Inner Child: Merawat Diri Masa Kecil dari Trauma Berkelanjutan

Hasbi Haris
Komunitas Blogger M
5 min readJun 25, 2024

--

image on reviewofmm

Masa kecil begitu dihubungkan dengan masa yang bebas mengeksplor sekitar, penasaran yang tinggi akan sesuatu, pengalaman-pengalaman hangat bersama keluarga dan masa bermain yang begitu menyenangkan.

Setiap individu manusia memiliki cerita masa kecilnya masing-masing dan mempunyai sisi khas serta otentik pada setiap masa kecil yang telah mereka lewati. Masa kecil ini begitu diingat hingga perkembangan seorang individu hingga dewasa. Terkadang, rasa rindu akan masa kecil juga membangkitkan nostalgia terhadap berbagai hal yang telah dilalui.
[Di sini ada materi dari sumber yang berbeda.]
lemma GDERIV_eq_0_if_min:
  assumes "GDERIV F x :> D" and "\<And>y. F x \<le> F y"
  shows "D = 0"
proof -
  have "(\<lambda>h. h \<bullet> D) = (\<lambda>h. 0)"
    using assms unfolding gderiv_def by (intro differential_zero_maxmin[OF UNIV_I open_UNIV]) auto
  then show ?thesis
    by (metis inner_eq_zero_iff)
qed

lemma sum_grad_eq_0_if_min:
  fixes f :: "nat \<Rightarrow> nat \<Rightarrow> 'a::euclidean_space \<Rightarrow> real"
  assumes M: "M > 0" and N: "N > 0"
    and diff: "\<And>m j x. m < M \<Longrightarrow> j < N \<Longrightarrow> f m j differentiable (at x)"
    and min: "\<And>x. (1 / real M) * (\<Sum>m<M. (1 / real N) * (\<Sum>j<N. f m j xs))
                   \<le> (1 / real M) * (\<Sum>m<M. (1 / real N) * (\<Sum>j<N. f m j x))"
  shows "(\<Sum>m<M. \<Sum>j<N. grad (f m j) xs) = 0"
proof -
  have "GDERIV (\<lambda>x. (1 / real M) * (\<Sum>m<M. (1 / real N) * (\<Sum>j<N. f m j x))) xs
      :> (1 / real M) *\<^sub>R (\<Sum>m<M. (1 / real N) *\<^sub>R (\<Sum>j<N. grad (f m j) xs))"
    by (intro GDERIV_scaled_sum GDERIV_grad diff) auto
  then have "(1 / real M) *\<^sub>R (\<Sum>m<M. (1 / real N) *\<^sub>R (\<Sum>j<N. grad (f m j) xs)) = 0"
    using min by (rule GDERIV_eq_0_if_min)
  then show ?thesis
    using M N by (simp add: scaleR_sum_right[symmetric])
qed

section \<open>The star sequence\<close>

lemma local_iter_eq: "local_iter \<gamma> h x0 n = x0 - \<gamma> *\<^sub>R (\<Sum>k<n. h k)"
  by (induction n) (simp_all add: algebra_simps)
lemma square_mod_lift_square:
  fixes g a p :: "'a::euclidean_ring_gcd"
  assumes "is_unit (2::'a)" and "coprime g a" and "g dvd p\<^sup>2 - a"
  shows "\<exists>p'. g\<^sup>2 dvd p'\<^sup>2 - a"
proof -
  obtain w where w: "p\<^sup>2 - a = g * w"
    using assms(3) by blast
  have "coprime p g"
  proof (rule coprimeI)
    fix e assume "e dvd p" and "e dvd g"
    then have "e dvd p\<^sup>2 - (p\<^sup>2 - a)"
      using assms(3) by (metis dvd_diff dvd_mult2 power2_eq_square dvd_trans)
    with \<open>e dvd g\<close> show "is_unit e"
      using assms(2) coprime_common_divisor by auto
  qed
  then obtain u v where uv: "u * p + v * g = 1"
    using bezout_coefficients_fst_snd[of p g] by auto
  define h where "h = 1 div 2 * w * u"
  have h2: "2 * h = w * u"
    using assms(1) by (simp add: h_def)
  \<comment> \<open>Newton step: since \<open>2 h p \<equiv> w (mod g)\<close>, replacing \<open>p\<close> by \<open>p - h g\<close> cancels \<open>p\<^sup>2 - a = g w\<close> modulo \<open>g\<^sup>2\<close>.\<close>
  have "(p - h * g)\<^sup>2 - a = g\<^sup>2 * (h\<^sup>2 + w * v)"
  proof -
    have "a = p\<^sup>2 - g * w"
      using w by (simp add: algebra_simps)
    then have "(p - h * g)\<^sup>2 - a = g * w - g * p * (2 * h) + g\<^sup>2 * h\<^sup>2"
      by (simp add: power2_eq_square algebra_simps)
    also have "\<dots> = g * w * (1 - u * p) + g\<^sup>2 * h\<^sup>2"
      unfolding h2 by (simp add: algebra_simps)
    also have "1 - u * p = v * g"
      using uv by (simp add: algebra_simps)
    finally show ?thesis
      by (simp add: power2_eq_square algebra_simps)
  qed
  then show ?thesis
    by (metis dvd_triv_left)
qed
Namun, tidak semua orang mempunyai cerita masa kecil yang menyenangkan dan hangat. Pengalaman-pengalaman buruk ketika masih kecil dapat mempengaruhi kehidupan seseorang hingga fase dewasa. Pengalaman negatif ini akan semakin memburuk hingga mengakar pada pikirannya sehingga kecenderungan rasa trauma akan muncul. Kondisi ini dikenal dengan trauma psikologis atau bisa disebut dalam istilah inner child trauma.

Lalu bagaimana pula peranan inner child dalam perkembangan diri seseorang akan dan sesudah memasuki fase dewasa? Lalu apa yang dapat dilakukan untuk mengobati trauma masa kecil yang muncul kembali?

Inner Child

Aku akan menjelaskan terlebih dahulu mengenai apa itu inner child secara lebih mendalam.

Menurut Sjoblom et, al. (2016) inner child bisa dikatakan sebagai rangkaian peristiwa dan transisi seluruh memori masa kanak-kanak hingga usia dewasa. Peristiwa-peristiwa yang dialami tersebut merupakan bagian dari perkembangan psikologis seorang individu. Sedangkan, menurut Bradshaw (1992) inner child bisa diartikan sebagai pengalaman dan kejadian masa lalu yang terbawa hingga fase dewasa dalam kondisi belum terselesaikan dengan baik. Kondisi ini akan mengakibatkan trauma yang berkelanjutan.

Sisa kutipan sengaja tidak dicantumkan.